SEBI working on alternative model of corporate governance

New Delhi: In a bid to bring in greater transparency and enhance accountability of India Inc, market regulator Securities and Exchange Board of India (SEBI) on Wednesday said it is working on an alternative model of corporate governance.

“A committee is working on it. We have also asked the MCA (Ministry of Corporate Affairs) to broaden the scope of section 55 of Companies Act 1956 which is now clause 22 of Companies Bill,” SEBI Executive Director Usha Narayanan said at an ASSOCHAM event here.

The alternative model of corporate governance will be designed in such a manner that it will suit the needs of Indian companies, she said adding the existing model is closer to international practice.

Corporate governance is maximising the shareholder value in a Corporation while ensuring fairness to all stakeholders, customers, employees, investors, and other stakeholders.
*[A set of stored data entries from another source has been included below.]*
(* Let $\mathcal{N}=(Q,\Sigma,\Delta,q_0,F)$ be a one-counter net. If Eve wins the letter game on $\mathcal{N}$, then she has a winning strategy in the letter game that depends only on the current configuration and the letter chosen by Adam, i.e. given by a partial function $\sigma:(Q\times\mathbb{N})\times\Sigma\to\Delta$.
   Context: A one-counter net (OCN) is $\mathcal{N}=(Q,\Sigma,\Delta,q_0,F)$ with $Q$ finite, $\Sigma$ finite, $q_0\in Q$, $F\subseteq Q$, $\Delta\subseteq Q\times\Sigma\times\{-1,0,1\}\times Q$; configurations $(q,n)\in Q\times\mathbb{N}$, step $(q,n)\xrightarrow{a,d}(p,n+d)$ if $(q,a,d,p)\in\Delta$ and $n+d\ge0$; runs start at $(q_0,0)$ and are accepting if the last state is in $F$; $\mathcal{L}(\mathcal{N})$ is the set of words with an accepting run. Letter game: positions $(c,w)$, start $((q_0,0),\varepsilon)$; each round Adam picks $a\in\Sigma$, Eve picks a step $c\xrightarrow{a,d}c'$; if Eve has none and $wa$ is a prefix of a word of $\mathcal{L}(\mathcal{N})$ she loses; if $wa\in\mathcal{L}(\mathcal{N})$ but the state of $c'$ is not in $F$, Adam wins; otherwise continue from $(c',wa)$; Eve wins infinite plays. *)

theory Defs
  imports Main
begin

type_synonym ('q,'a) transition = "'q \<times> 'a \<times> int \<times> 'q"
type_synonym 'q config = "'q \<times> nat"

record ('q,'a) ocn =
  states :: "'q set"
  alphabet :: "'a set"
  delta :: "('q,'a) transition set"
  init :: 'q
  final :: "'q set"

definition wf_ocn :: "('q,'a) ocn \<Rightarrow> bool" where
  "wf_ocn N \<longleftrightarrow> finite (states N) \<and> finite (alphabet N) \<and>
     delta N \<subseteq> states N \<times> alphabet N \<times> {-1, 0, 1} \<times> states N \<and>
     init N \<in> states N \<and> final N \<subseteq> states N"

text \<open>A step (q,n) -a,d-> (p,n+d) using transition t = (q,a,d,p) in Delta;
  the counter value n + d must be nonnegative (it is the natural number m).\<close>
definition ocn_step :: "('q,'a) ocn \<Rightarrow> 'q config \<Rightarrow> 'a \<Rightarrow> ('q,'a) transition \<Rightarrow> 'q config \<Rightarrow> bool" where
  "ocn_step N c a t c' \<longleftrightarrow> t \<in> delta N \<and>
     (\<exists>d. t = (fst c, a, d, fst c') \<and> int (snd c') = int (snd c) + d)"

inductive ocn_run :: "('q,'a) ocn \<Rightarrow> 'a list \<Rightarrow> 'q config \<Rightarrow> bool" for N where
  run_Nil: "ocn_run N [] (init N, 0)"
| run_snoc: "ocn_run N w c \<Longrightarrow> ocn_step N c a t c' \<Longrightarrow> ocn_run N (w @ [a]) c'"

definition ocn_lang :: "('q,'a) ocn \<Rightarrow> 'a list set" where
  "ocn_lang N = {w. \<exists>c. ocn_run N w c \<and> fst c \<in> final N}"

definition is_prefix_of_lang :: "('q,'a) ocn \<Rightarrow> 'a list \<Rightarrow> bool" where
  "is_prefix_of_lang N w \<longleftrightarrow> (\<exists>v. w @ v \<in> ocn_lang N)"

text \<open>Since Eve's earlier choices are
  determined by her strategy and the letters, this covers all (history-dependent) strategies.\<close>
type_synonym ('q,'a) strategy = "'a list \<Rightarrow> 'q config \<Rightarrow> 'a \<Rightarrow> ('q,'a) transition option"

inductive game_reach :: "('q,'a) ocn \<Rightarrow> ('q,'a) strategy \<Rightarrow> 'a list \<Rightarrow> 'q config \<Rightarrow> bool"
  for N s where
  reach_Nil: "game_reach N s [] (init N, 0)"
| reach_snoc: "game_reach N s w c \<Longrightarrow> a \<in> alphabet N \<Longrightarrow> s w c a = Some t \<Longrightarrow>
     ocn_step N c a t c' \<Longrightarrow> game_reach N s (w @ [a]) c'"

definition adam_wins_against :: "('q,'a) ocn \<Rightarrow> ('q,'a) strategy \<Rightarrow> bool" where
  "adam_wins_against N s \<longleftrightarrow> (\<exists>w c a. game_reach N s w c \<and> a \<in> alphabet N \<and>
     ((\<not> (\<exists>t c'. s w c a = Some t \<and> ocn_step N c a t c') \<and> is_prefix_of_lang N (w @ [a])) \<or>
      (\<exists>t c'. s w c a = Some t \<and> ocn_step N c a t c' \<and> w @ [a] \<in> ocn_lang N \<and> fst c' \<notin> final N)))"

definition winning_strategy :: "('q,'a) ocn \<Rightarrow> ('q,'a) strategy \<Rightarrow> bool" where
  "winning_strategy N s \<longleftrightarrow> \<not> adam_wins_against N s"

definition eve_wins_letter_game :: "('q,'a) ocn \<Rightarrow> bool" where
  "eve_wins_letter_game N \<longleftrightarrow> (\<exists>s. winning_strategy N s)"

definition positional :: "('q config \<Rightarrow> 'a \<Rightarrow> ('q,'a) transition option) \<Rightarrow> ('q,'a) strategy" where
  "positional \<sigma> = (\<lambda>w c a. \<sigma> c a)"

end

theory Submission
  imports Defs
begin

text \<open>Once Eve plays a winning strategy s, the words that may still be completed into the
  language after a history w reaching configuration c are exactly the words accepted from c:
  s must answer every letter Adam can still complete and must end in F on every accepted word.
  So whether a move at (w, c) loses depends only on c, and Eve may play at c what s plays
  after any fixed history leading to c.\<close>

inductive ocn_run_from :: "('q,'a) ocn \<Rightarrow> 'q config \<Rightarrow> 'a list \<Rightarrow> 'q config \<Rightarrow> bool"
  for N where
  run_from_Nil: "ocn_run_from N c [] c"
| run_from_Cons: "ocn_step N c a t c1 \<Longrightarrow> ocn_run_from N c1 u c2 \<Longrightarrow> ocn_run_from N c (a # u) c2"

definition ocn_lang_from :: "('q,'a) ocn \<Rightarrow> 'q config \<Rightarrow> 'a list set" where
  "ocn_lang_from N c = {u. \<exists>c'. ocn_run_from N c u c' \<and> fst c' \<in> final N}"

definition losing_move ::
    "('q,'a) ocn \<Rightarrow> 'q config \<Rightarrow> 'a \<Rightarrow> ('q,'a) transition option \<Rightarrow> bool" where
  "losing_move N c a m \<longleftrightarrow>
     (\<not> (\<exists>t c'. m = Some t \<and> ocn_step N c a t c') \<and> (\<exists>v. a # v \<in> ocn_lang_from N c)) \<or>
     (\<exists>t c'. m = Some t \<and> ocn_step N c a t c' \<and> [a] \<in> ocn_lang_from N c \<and> fst c' \<notin> final N)"

text \<open>The choice is arbitrary at configurations that no play consistent with s reaches;
  the positional strategy never visits those.\<close>
definition some_history :: "('q,'a) ocn \<Rightarrow> ('q,'a) strategy \<Rightarrow> 'q config \<Rightarrow> 'a list" where
  "some_history N s c = (SOME w. game_reach N s w c)"

definition positional_of ::
    "('q,'a) ocn \<Rightarrow> ('q,'a) strategy \<Rightarrow> 'q config \<Rightarrow> 'a \<Rightarrow> ('q,'a) transition option" where
  "positional_of N s c a =
     (case s (some_history N s c) c a of
        Some t \<Rightarrow> if t \<in> delta N then Some t else None
      | None \<Rightarrow> None)"

lemma ocn_run_append_run_from:
  assumes "ocn_run_from N c u c'" and "ocn_run N w c"
  shows "ocn_run N (w @ u) c'"
  using assms
proof (induction arbitrary: w rule: ocn_run_from.induct)
  case (run_from_Nil c)
  then show ?case by simp
next
  case (run_from_Cons c a t c1 u c2)
  have "ocn_run N (w @ [a]) c1"
    using run_from_Cons.prems run_from_Cons.hyps(1) by (rule run_snoc)
  then show ?case using run_from_Cons.IH by fastforce
qed

lemma ocn_run_Nil_imp_init: "ocn_run N [] c \<Longrightarrow> c = (init N, 0)"
  by (cases rule: ocn_run.cases) auto

lemma ocn_run_alphabet:
  assumes "wf_ocn N" and "ocn_run N w c"
  shows "set w \<subseteq> alphabet N"
  using assms(2) by induction (use assms(1) in \<open>auto simp: wf_ocn_def ocn_step_def\<close>)

lemma game_reach_imp_ocn_run: "game_reach N s w c \<Longrightarrow> ocn_run N w c"
  by (induction rule: game_reach.induct) (auto intro: ocn_run.intros)

lemma winning_strategy_moves:
  assumes "winning_strategy N s" and "game_reach N s w c" and "a \<in> alphabet N"
    and "is_prefix_of_lang N (w @ [a])"
  obtains t c' where "s w c a = Some t" and "ocn_step N c a t c'"
  using assms unfolding winning_strategy_def adam_wins_against_def by blast

lemma winning_strategy_reach_final:
  assumes "winning_strategy N s" and "game_reach N s w c" and "w \<in> ocn_lang N"
  shows "fst c \<in> final N"
  using assms(2)
proof cases
  case reach_Nil
  then show ?thesis
    using assms(3) ocn_run_Nil_imp_init by (fastforce simp: ocn_lang_def)
next
  case (reach_snoc w0 c0 a t)
  then show ?thesis
    using assms(1,3) unfolding winning_strategy_def adam_wins_against_def by blast
qed

lemma winning_strategy_residual_subset:
  assumes "wf_ocn N" and "winning_strategy N s"
    and "game_reach N s w c" and "w @ u \<in> ocn_lang N"
  shows "u \<in> ocn_lang_from N c"
  using assms(3,4)
proof (induction u arbitrary: w c)
  case Nil
  then have "fst c \<in> final N"
    using winning_strategy_reach_final[OF assms(2)] by simp
  then show ?case
    unfolding ocn_lang_from_def using run_from_Nil by blast
next
  case (Cons a u)
  have "a \<in> alphabet N"
    using Cons.prems(2) ocn_run_alphabet[OF assms(1)] by (fastforce simp: ocn_lang_def)
  moreover have "is_prefix_of_lang N (w @ [a])"
    using Cons.prems(2) by (auto simp: is_prefix_of_lang_def)
  ultimately obtain t c1 where move: "s w c a = Some t" and step: "ocn_step N c a t c1"
    using winning_strategy_moves[OF assms(2) Cons.prems(1)] by blast
  have "game_reach N s (w @ [a]) c1"
    using Cons.prems(1) \<open>a \<in> alphabet N\<close> move step by (rule reach_snoc)
  then have "u \<in> ocn_lang_from N c1"
    using Cons.IH Cons.prems(2) by simp
  with step show ?case
    by (auto simp: ocn_lang_from_def intro: run_from_Cons)
qed

lemma winning_strategy_residual:
  assumes "wf_ocn N" and "winning_strategy N s" and "game_reach N s w c"
  shows "{u. w @ u \<in> ocn_lang N} = ocn_lang_from N c"
proof
  show "{u. w @ u \<in> ocn_lang N} \<subseteq> ocn_lang_from N c"
    using winning_strategy_residual_subset[OF assms] by blast
  show "ocn_lang_from N c \<subseteq> {u. w @ u \<in> ocn_lang N}"
  proof
    fix u
    assume "u \<in> ocn_lang_from N c"
    then obtain c' where "ocn_run_from N c u c'" and "fst c' \<in> final N"
      by (auto simp: ocn_lang_from_def)
    moreover have "ocn_run N w c"
      using assms(3) by (rule game_reach_imp_ocn_run)
    ultimately show "u \<in> {u. w @ u \<in> ocn_lang N}"
      unfolding ocn_lang_def using ocn_run_append_run_from by blast
  qed
qed

lemma winning_strategy_iff_no_losing_move:
  assumes "\<And>w c. game_reach N s w c \<Longrightarrow> {u. w @ u \<in> ocn_lang N} = ocn_lang_from N c"
  shows "winning_strategy N s \<longleftrightarrow>
    (\<forall>w c a. game_reach N s w c \<longrightarrow> a \<in> alphabet N \<longrightarrow> \<not> losing_move N c a (s w c a))"
proof -
  have "is_prefix_of_lang N (w @ [a]) \<longleftrightarrow> (\<exists>v. a # v \<in> ocn_lang_from N c)"
    and "w @ [a] \<in> ocn_lang N \<longleftrightarrow> [a] \<in> ocn_lang_from N c"
    if "game_reach N s w c" for w c a
    using assms[OF that] by (auto simp: is_prefix_of_lang_def)
  then show ?thesis
    unfolding winning_strategy_def adam_wins_against_def losing_move_def by blast
qed

lemma winning_strategy_no_losing_move:
  assumes "wf_ocn N" and "winning_strategy N s"
    and "game_reach N s w c" and "a \<in> alphabet N"
  shows "\<not> losing_move N c a (s w c a)"
proof -
  have "winning_strategy N s \<longleftrightarrow>
    (\<forall>w c a. game_reach N s w c \<longrightarrow> a \<in> alphabet N \<longrightarrow> \<not> losing_move N c a (s w c a))"
    by (rule winning_strategy_iff_no_losing_move) (rule winning_strategy_residual[OF assms(1,2)])
  with assms(2-4) show ?thesis
    by blast
qed

lemma positional_of_in_delta: "positional_of N s c a = Some t \<Longrightarrow> t \<in> delta N"
  by (auto simp: positional_of_def split: option.splits if_splits)

text \<open>Filtering out transitions outside the net only replaces an illegal move by another one.\<close>
lemma losing_move_positional_of:
  "losing_move N c a (positional_of N s c a) \<longleftrightarrow>
   losing_move N c a (s (some_history N s c) c a)"
  by (auto simp: losing_move_def positional_of_def ocn_step_def split: option.splits)

lemma game_reach_positional_of:
  assumes "wf_ocn N" and "winning_strategy N s"
    and "game_reach N (positional (positional_of N s)) w c"
  shows "game_reach N s (some_history N s c) c \<and> {u. w @ u \<in> ocn_lang N} = ocn_lang_from N c"
  using assms(3)
proof (induction rule: game_reach.induct)
  case reach_Nil
  have "game_reach N s [] (init N, 0)"
    by (rule game_reach.reach_Nil)
  moreover from this have "game_reach N s (some_history N s (init N, 0)) (init N, 0)"
    unfolding some_history_def by (rule someI)
  ultimately show ?case
    using winning_strategy_residual[OF assms(1,2)] by blast
next
  case (reach_snoc w c a t c')
  have "s (some_history N s c) c a = Some t"
    using reach_snoc.hyps(3)
    by (auto simp: positional_def positional_of_def split: option.splits if_splits)
  then have history: "game_reach N s (some_history N s c @ [a]) c'"
    using reach_snoc.IH reach_snoc.hyps(2,4) by (blast intro: game_reach.reach_snoc)
  then have "game_reach N s (some_history N s c') c'"
    unfolding some_history_def by (rule someI)
  moreover have "{u. (w @ [a]) @ u \<in> ocn_lang N} = {u. a # u \<in> ocn_lang_from N c}"
    using reach_snoc.IH by (simp add: set_eq_iff)
  moreover have "\<dots> = {u. (some_history N s c @ [a]) @ u \<in> ocn_lang N}"
    using winning_strategy_residual[OF assms(1,2) reach_snoc.IH[THEN conjunct1]]
    by (simp add: set_eq_iff)
  moreover have "\<dots> = ocn_lang_from N c'"
    using winning_strategy_residual[OF assms(1,2) history] .
  ultimately show ?case
    by simp
qed

lemma winning_strategy_positional_of:
  assumes "wf_ocn N" and "winning_strategy N s"
  shows "winning_strategy N (positional (positional_of N s))"
proof -
  have residual: "{u. w @ u \<in> ocn_lang N} = ocn_lang_from N c"
    if "game_reach N (positional (positional_of N s)) w c" for w c
    using game_reach_positional_of[OF assms that] by (rule conjunct2)
  have "\<not> losing_move N c a (positional (positional_of N s) w c a)"
    if "game_reach N (positional (positional_of N s)) w c" and "a \<in> alphabet N" for w c a
  proof -
    have "game_reach N s (some_history N s c) c"
      using game_reach_positional_of[OF assms that(1)] by (rule conjunct1)
    then have "\<not> losing_move N c a (s (some_history N s c) c a)"
      using winning_strategy_no_losing_move[OF assms] that(2) by blast
    then show ?thesis
      by (simp add: positional_def losing_move_positional_of)
  qed
  then show ?thesis
    by (subst winning_strategy_iff_no_losing_move[OF residual]) auto
qed

theorem proposition2:
  fixes N :: "('q,'a) ocn"
  assumes "wf_ocn N"
    and "eve_wins_letter_game N"
  shows "\<exists>\<sigma> :: 'q config \<Rightarrow> 'a \<Rightarrow> ('q,'a) transition option.
           (\<forall>c a t. \<sigma> c a = Some t \<longrightarrow> t \<in> delta N) \<and>
           winning_strategy N (positional \<sigma>)"
proof -
  from assms(2) obtain s where "winning_strategy N s"
    unfolding eve_wins_letter_game_def by blast
  then have "winning_strategy N (positional (positional_of N s))"
    using assms(1) winning_strategy_positional_of by blast
  moreover have "\<forall>c a t. positional_of N s c a = Some t \<longrightarrow> t \<in> delta N"
    by (intro allI impI) (rule positional_of_in_delta)
  ultimately show ?thesis
    by (intro exI[of _ "positional_of N s"] conjI)
qed

end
Corporate governance norms for listed and to-be-listed companies should be completely in SEBI’s domain, she said.

Standing Committee on finance has also recognised the need for sectoral regulator having more stringent rules than what is contained in the parent Act that governs companies, she added.

Under the present system, unlisted companies are governed by the norms prescribed in the Companies Act, while listed companies follow Clause 49 of SEBI’s Listing Agreement.

Regarding jurisdiction on end use of IPO funds, Ms. Narayanan said, it is completely in the domain of the MCA as SEBI deals with disclosures.

Besides, she said, the MCA also looks into it through its early warning system and exchanges provide the MCA with quarterly results, as and when required.

Former MCA director Manoj Arora said, “It is above all the responsibility of the shareholders to question whether their money has been duly utilised.”

Further, Ms. Narayanan said that SEBI is working on creating a unified platform which will enable companies to file their financial reports on just one platform.

“The reports will then be passed on to various exchanges. Companies would not need to file reports with different exchanges separately,” she said.